Сумасшедший приятель внутри лагеря - хуже неприятеля снаружи. Кажется, еще и спиртом от него попахивает. Алкоголь и переутомление, могут с фантазией приколоться над разумом, а там уж - хорьки или белочки, в зависимости от личного вкуса… На всякий случай пришлось подыграть, чтобы охладить горячее желание этого зверолова к активным действиям: 
– Нет, это бурундуки, не такие опасные… – склонил я голову, словно рассматривая землю в руках несчастного вояки, – Благодарю за бдительность, завтра придешь за наградой! А сейчас сдавай смену.
Постовой нагрузился информацией и переключился:
– Куда… куда придти?
– В ленинскую комнату.
– Может еще подежурю, а?
– Другим тоже награды нужны, ты же не один, согласись?! – слегка пристыдил я эгоиста, и похлопал по спине в направлении спящей резервной смены.
«Пост сдал»… «Пост принял» - послышалось из темноты. Вроде, без осложнений. А я кажется, не только встал, но и проснулся. Воздух наполнился предрассветной прохладой, самое время отдаться безволию и слепо следовать приказам уставшего тела. Все вокруг замерло – природа и люди. Каким домкратом может сейчас поднять злодея на суетное дело?
Справа от меня звякнули консервные банки. При полном-то, безветрии?!.. Я почувствовал себя рыбаком, оцепеневшим в ожидании поклевки. Это те самые мгновения, когда по силе кивка удилища и трезвону колокольчика можно определить приблизительные размеры добычи. Я даже не понял - испугала меня эта поклевка или порадовала… Почему нет реакции постового? Наверное, он тоже не верит в вероломство утренней неги? Перепроверяет свои подозрения?

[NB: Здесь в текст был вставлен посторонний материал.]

(* Let bidder $i$ have a constraint-homogeneous valuation with interest set $S$ and per-unit value $\hat v$, let $s^*=\lceil |S|/2\rceil$, and let $b_i'$ be the Core Deviation of $i$. For every strategy profile $b$, if bidder $i$ wins at least $s^*$ items of $S$ in the profile $(b_i'(b_i),b_{-i})$, then $u_i(b_i'(b_i),b_{-i};v_i)\ge \tfrac12 s^*\hat v-P_i(b)$.
   Context: Draft auction: $n$ bidders, items $[m]$; rounds are run while the set $I$ of remaining items is nonempty: each bidder submits a sealed bid $b_i\ge0$ and a set $X_i\subseteq I$; the highest bidder (ties arbitrary) gets her set (removed from $I$) and pays her bid times its size; winner, winning bid and bundle are announced. A strategy maps observed histories to actions. $u_i(b;v_i)$ is quasi-linear utility, $P_i(b)$ total payment of $i$ under $b$. Constraint-homogeneous valuation: $v(T)=\hat v|T\cap S|$. Items of $S$ are called units. For the original strategy $b_i$ (within profile $b$), $b_{it}$ denotes $i$'s bid in auction (round) $t$, $k_{it}$ the number of units she obtains in auction $t$ and $k_{i,<t}$ the number obtained before auction $t$. Core Deviation $b_i'$: let $b_i^*=\hat v/2$. In every auction $t$ she bids $\max\{b_i^*,b_{it}\}$. If she wins with bid $b_i^*$ (i.e. $b_i^*>b_{it}$), she takes $s^*-k_{i,<t}$ units of $S$ and drops out. If she wins with bid $b_{it}$, she takes exactly what she took under $b_i$ in auction $t$ (the $k_{it}$ units and any other items). She keeps bidding this way until she has acquired $s^*$ units or the remaining units are not enough to complete $s^*$ units. *)

theory Defs
  imports Complex_Main
begin

text \<open>Bidders are 0..n-1, items are 0..m-1.
  A public history is the list of announcements (winner, winning bid, bundle),
  in chronological order. A strategy maps observed histories to actions (bid, set).\<close>

type_synonym hist = "(nat \<times> real \<times> nat set) list"
type_synonym strat = "hist \<Rightarrow> real \<times> nat set"

definition remaining :: "nat \<Rightarrow> hist \<Rightarrow> nat set" where
  "remaining m h = {..<m} - (\<Union>e\<in>set h. snd (snd e))"

definition won_in :: "nat \<Rightarrow> hist \<Rightarrow> nat set" where
  "won_in i h = (\<Union>e\<in>{e\<in>set h. fst e = i}. snd (snd e))"

definition valid_strategy :: "nat \<Rightarrow> strat \<Rightarrow> bool" where
  "valid_strategy m s = (\<forall>h. 0 \<le> fst (s h) \<and> snd (s h) \<subseteq> remaining m h)"

text \<open>One round at history h: the highest bidder wins; ties are broken by a
  (history-dependent) priority order prio h (lower value = higher priority).\<close>
definition round_outcome ::
  "nat \<Rightarrow> (hist \<Rightarrow> nat \<Rightarrow> nat) \<Rightarrow> (nat \<Rightarrow> strat) \<Rightarrow> hist \<Rightarrow> nat \<times> real \<times> nat set" where
  "round_outcome n prio b h =
     (let top = Max ((\<lambda>j. fst (b j h)) ` {..<n});
          w = (ARG_MIN (prio h) j. j < n \<and> fst (b j h) = top)
      in (w, fst (b w h), snd (b w h)))"
lemma verts_subtree: "verts (subtree G t) = {v \<in> verts G. \<exists>es. fpath (edges G) t es v}"
  by (simp add: subtree_def Let_def verts_def)

lemma subtree_eq_induced_subgraph: "subtree G t = induced_subgraph G (verts (subtree G t))"
  by (simp add: subtree_def induced_subgraph_def Let_def verts_def edges_def)

lemma induced_subgraph_induced_subgraph:
  "B \<subseteq> A \<Longrightarrow> induced_subgraph (induced_subgraph G A) B = induced_subgraph G B"
  by (auto simp: induced_subgraph_def edges_def)

lemma root_in_verts_subtree: "t \<in> verts G \<Longrightarrow> t \<in> verts (subtree G t)"
  unfolding verts_subtree by (auto intro: exI[of _ "[]"])

lemma succ_closed_subtree:
  assumes "is_pregraph G"
  shows "succ_closed (edges G) (verts (subtree G t))"
  unfolding succ_closed_def
proof (intro allI impI)
  fix v c w assume edge: "(v, c, w) \<in> edges G" and "v \<in> verts (subtree G t)"
  then obtain es where "fpath (edges G) t es v" unfolding verts_subtree by blast
  then have "fpath (edges G) t (es @ [(v, c, w)]) w" using edge by (simp add: fpath_append)
  moreover have "w \<in> verts G" using edge assms by (auto simp: is_pregraph_def)
  ultimately show "w \<in> verts (subtree G t)" unfolding verts_subtree by blast
qed

lemma succ_closed_Un_diff:
  assumes "E \<subseteq> V \<times> UNIV \<times> V" "succ_closed E X" "succ_closed (E \<inter> ((V - X) \<times> UNIV \<times> (V - X))) B"
  shows "succ_closed E (X \<union> B)"
  unfolding succ_closed_def
proof (intro allI impI)
  fix v c w assume edge: "(v, c, w) \<in> E" and v: "v \<in> X \<union> B"
  show "w \<in> X \<union> B"
  proof (cases "v \<in> X \<or> w \<in> X")
    case True
    then show ?thesis using edge assms(2) unfolding succ_closed_def by blast
  next
    case False
    then have "(v, c, w) \<in> E \<inter> ((V - X) \<times> UNIV \<times> (V - X))" "v \<in> B"
      using edge v assms(1) by auto
    then show ?thesis using assms(3) unfolding succ_closed_def by blast
  qed
qed

lemma succ_closed_Un_subtree_diff:
  assumes "is_pregraph T" "succ_closed (edges T) X"
  shows "succ_closed (edges T) (X \<union> verts (subtree (induced_subgraph T (verts T - X)) t))"
proof (rule succ_closed_Un_diff)
  show "edges T \<subseteq> verts T \<times> UNIV \<times> verts T" using assms(1) by (simp add: is_pregraph_def)
  show "succ_closed (edges T \<inter> ((verts T - X) \<times> UNIV \<times> (verts T - X)))
      (verts (subtree (induced_subgraph T (verts T - X)) t))"
    using succ_closed_subtree[OF is_pregraph_induced_subgraph] by simp
qed (rule assms(2))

Сразу в нескольких местах с южной стороны лагеря массировано сработала жестяная сигнализация. Возле меня отчетливо послышался сухой треск лопающейся сети, а чуть поодаль – вопль от боли и сочный мат. Прерывисто затрезвонили тревожные свистки дозорных, и стало непонятно: то ли они забыли про установку непрерывных/отрывистых сигналов, то ли нападение оказалось круговым.
Как водится в молодом воинском подразделении: вчерашние призывники делятся на бестолковых, либо еще не выдрессированных. В нашем случае, обе категории замешались в одном флаконе. Спросонья, недосолдаты начисто позабыли об утвержденном с вечера оборонном регламенте.
Дело в том, что вскочив ошарашенными и сделав пару оборотов вокруг своей оси – горе-вояки теряли пространственную ориентацию и место для установленного сбора. После чего, хватали и рассматривали друг друга в упор, пытаясь найти свое звено; при этом истерили, хором что-то спрашивали, напоминая стадо баранов, в центр которого запрыгнул волк.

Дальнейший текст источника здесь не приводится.